I’m sorry my comment doesn’t help you using CMake though :)
Another reference is http://www.flameeyes.eu/autotools-mythbuster/ – there really needs to be a well-publicised place for these guides to be listed, so people having trouble with autotools can get help.
Many open source developers’ idea of “cross-platform” is “supports Linux and FreeBSD, with experimental support for Solaris”. That isn’t even close to being cross-platform.
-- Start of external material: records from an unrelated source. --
lemma LDP_closed_exponential_decay:
  assumes "LDP P I" "closed F" "0 < (INF x\<in>F. I x)"
  shows "\<exists>d>0. \<forall>\<^sub>F t in at_top. measure (P t) F \<le> exp (- d * t)"
proof -
  obtain d where d: "0 < ereal d" "ereal d < (INF x\<in>F. I x)"
    using ereal_dense2[OF assms(3)] by blast
  have "Limsup at_top (\<lambda>t. ereal (1/t) * elog (measure (P t) F)) \<le> - (INF x\<in>F. I x)"
    using assms(1,2) unfolding LDP_def by blast
  also have "\<dots> < - ereal d" using d(2) by (simp add: ereal_uminus_less_reorder)
  finally have "\<forall>\<^sub>F t in at_top. ereal (1/t) * elog (measure (P t) F) < - ereal d"
    by (rule Limsup_lessD)
  then have "\<forall>\<^sub>F t in at_top. measure (P t) F \<le> exp (- d * t)"
    using eventually_gt_at_top[of 0]
  proof eventually_elim
    case (elim t)
    show ?case
    proof (cases "measure (P t) F > 0")
      case True
      with elim have "ln (measure (P t) F) < - d * t" by (simp add: elog_def field_simps)
      then show ?thesis using True by (metis exp_less_cancel_iff exp_ln less_imp_le)
    qed (meson exp_ge_zero not_less order.trans)
  qed
  with d(1) show ?thesis by auto
qed

lemma (in finite_measure) measure_UN_tail_less:
  assumes "summable (\<lambda>n. measure M (B n))" "\<And>n. B n \<in> sets M" "e > 0"
  shows "\<exists>n0. measure M (\<Union>n. B (n + n0)) < e"
proof -
  obtain n0 where n0: "\<bar>\<Sum>n. measure M (B (n + n0))\<bar> < e"
    using suminf_exist_split[OF assms(3,1)] by auto
  have "summable (\<lambda>n. measure M (B (n + n0)))"
    using assms(1) by (subst summable_iff_shift)
  then have "measure M (\<Union>n. B (n + n0)) \<le> (\<Sum>n. measure M (B (n + n0)))"
    using assms(2) by (intro finite_measure_subadditive_countably) auto
  with n0 show ?thesis by (intro exI[of _ n0]) linarith
qed

lemma (in finite_measure) tendsto_measure_UN_greater:
  assumes "finite S" "\<And>n. n \<in> S \<Longrightarrow> X n \<in> borel_measurable M"
  shows "(\<lambda>m::nat. measure M (\<Union>n\<in>S. {\<omega> \<in> space M. real m < X n \<omega>})) \<longlonglongrightarrow> 0"
proof -
  define U where "U m = (\<Union>n\<in>S. {\<omega> \<in> space M. real m < X n \<omega>})" for m :: nat
  have "(\<Inter>m. U m) = {}"
  proof -
    have "\<omega> \<notin> U (nat \<lceil>\<Sum>n\<in>S. \<bar>X n \<omega>\<bar>\<rceil>)" for \<omega>
    proof -
      have "X n \<omega> \<le> real (nat \<lceil>\<Sum>n\<in>S. \<bar>X n \<omega>\<bar>\<rceil>)" if "n \<in> S" for n
        using member_le_sum[OF that, of "\<lambda>n. \<bar>X n \<omega>\<bar>"] assms(1) by linarith
      then show ?thesis unfolding U_def by (auto simp: not_less)
    qed
    then show ?thesis by blast
  qed
  moreover have "(\<lambda>m. measure M (U m)) \<longlonglongrightarrow> measure M (\<Inter>m. U m)"
    using assms by (intro finite_Lim_measure_decseq) (auto simp: U_def decseq_def)
  ultimately show ?thesis by (simp add: U_def)
qed

lemma INF_pos_below_unique_zero:
  fixes I :: "real \<Rightarrow> ereal"
  assumes "\<And>x. 0 \<le> I x" "\<And>x. I x = 0 \<longleftrightarrow> x = \<mu>" "antimono_on {0..\<mu>} I" "0 \<le> c" "c < \<mu>"
  shows "0 < (INF x\<in>{0..c}. I x)"
proof -
  have "0 < I c" using assms(1,2,5) by (metis less_eq_ereal_def less_irrefl)
  also have "I c \<le> (INF x\<in>{0..c}. I x)"
    using assms(4,5) by (intro INF_greatest monotone_onD[OF assms(3)]) auto
  finally show ?thesis .
qed

lemma le_linear_plus_const:
  fixes g :: "nat \<Rightarrow> real"
  assumes "\<And>n. n < n0 \<Longrightarrow> g n \<le> M" "\<And>n. n \<ge> n0 \<Longrightarrow> g n \<le> real n * c" "c \<ge> 0" "M \<ge> 0"
  shows "g n \<le> real n * c + M"
  using assms(1,2)[of n] assms(3,4) by (cases "n < n0") (auto intro: add_increasing add_increasing2)
lemma R_eq_val_nonneg: "R = {w. w = 0 \<or> 0 \<le> val w}"
proof (intro set_eqI iffI)
  fix w assume "w \<in> R"
  then show "w \<in> {w. w = 0 \<or> 0 \<le> val w}" using le_val_if_in_R[of w 0] by auto
next
  fix w assume "w \<in> {w. w = 0 \<or> 0 \<le> val w}"
  then consider "w = 0" | "w \<noteq> 0" "0 \<le> val w" by blast
  then show "w \<in> R"
  proof cases
    case 1
    then show ?thesis using R_of_0 by simp
  next
    case 2
    have "w = (w * X powi val w) * X powi (- val w)"
      using X_neq_0 by (simp add: power_int_minus)
    moreover have "X powi (- val w) \<in> R" using 2(2) by (intro X_powi_in_R) simp
    ultimately show ?thesis
      using R_unit_val[OF 2(1)] R_of_mult unfolding R_unit_def by metis
  qed
qed

lemma is_DVR_in_R: "is_DVR_in R"
  unfolding is_DVR_in_def using discrete_valuation_val R_eq_val_nonneg by blast

lemma unit_add_unit:
  assumes "u dvd (1::'a)" and "w dvd 1"
  shows "u + w = 0 \<or> u + w dvd 1"
proof -
  obtain q r where qr: "u + w = x * q + r" "r = 0 \<or> r dvd 1"
    using unit_remainder by blast
  have "q = 0"
  proof (rule ccontr)
    assume "q \<noteq> 0"
    have "to_fract u + to_fract w - to_fract r \<in> R"
      using R_of_diff[OF R_of_add R_of_to_fract_unit_or_0[OF qr(2)]] R_of_to_fract_unit assms by blast
    also have "to_fract u + to_fract w - to_fract r = X * to_fract q"
      using arg_cong[OF qr(1), of to_fract] by simp
    finally have "X * to_fract q \<in> R" .
    then have "X * to_fract q * inverse (to_fract q) \<in> R"
      using R_of_mult R_of_reciprocal[OF \<open>q \<noteq> 0\<close>] by blast
    moreover have "X * to_fract q * inverse (to_fract q) = X" using \<open>q \<noteq> 0\<close> by simp
    ultimately show False using X_notin_R by simp
  qed
  then show ?thesis using qr by simp
qed

end

theorem theorem2p10:
  assumes "euclidean_domain TYPE('a::idom)"
    and "\<not> egyptian_domain TYPE('a)"
  shows "is_DVR_in (R_of TYPE('a)) \<and> subfield_of ({u :: 'a. u dvd 1} \<union> {0})"
proof -
  obtain f :: "'a \<Rightarrow> int" where f: "euclidean_function f"
    using assms(1) unfolding euclidean_domain_def by blast
  have R_proper: "R_of TYPE('a) \<noteq> UNIV"
    using assms(2) egyptian_domain_if_R_of_eq_UNIV by blast
  have "\<exists>y::'a. y \<noteq> 0 \<and> \<not> y dvd 1"
  proof (rule ccontr)
    assume "\<not> ?thesis"
    then have "to_fract a \<in> R_of TYPE('a)" for a :: 'a
      using R_of_to_fract_unit_or_0 by blast
    then show False using R_proper R_of_eq_UNIV_if_to_fract_in by blast
  qed
  then obtain x :: 'a where x: "x \<noteq> 0" "\<not> x dvd 1" "\<forall>b. \<exists>q r. b = x * q + r \<and> (r = 0 \<or> r dvd 1)"
    using euclidean_exists_universal_side_divisor[OF f] by blast
  interpret universal_side_divisor f x
    using f x by unfold_locales simp_all
  have "to_fract x \<notin> R_of TYPE('a)"
    using R_proper R_eq_UNIV_if_X_in_R by blast
  then interpret universal_side_divisor_not_in_R f x
    by unfold_locales
  show ?thesis
    by (intro conjI is_DVR_in_R subfield_of_units_and_0 unit_add_unit)
qed

end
Supporting non-POSIX environments may not be important to you. Ain’t nothing wrong with that. If you’re liking it, and it’s paying your bills, then that’s cool. CMake is solving problems you don’t have, and probably feels like “all pain and no gain” to you. If you’re only building on Linux and close cousins, and you’ve already made the effort to learn autotools, there is no benefit to CMake.
There are a lot of developers who need to build on both POSIX and non-POSIX (especially Windows) systems. Running a POSIX-emulation layer on the non-POSIX system (e.g. Cygwin) may be undesirable or impossible. Tools like CMake that abstract platform differences, and integrate with native build tools (e.g. Microsoft compilers), are solving a real world problem that autotools simply does not address.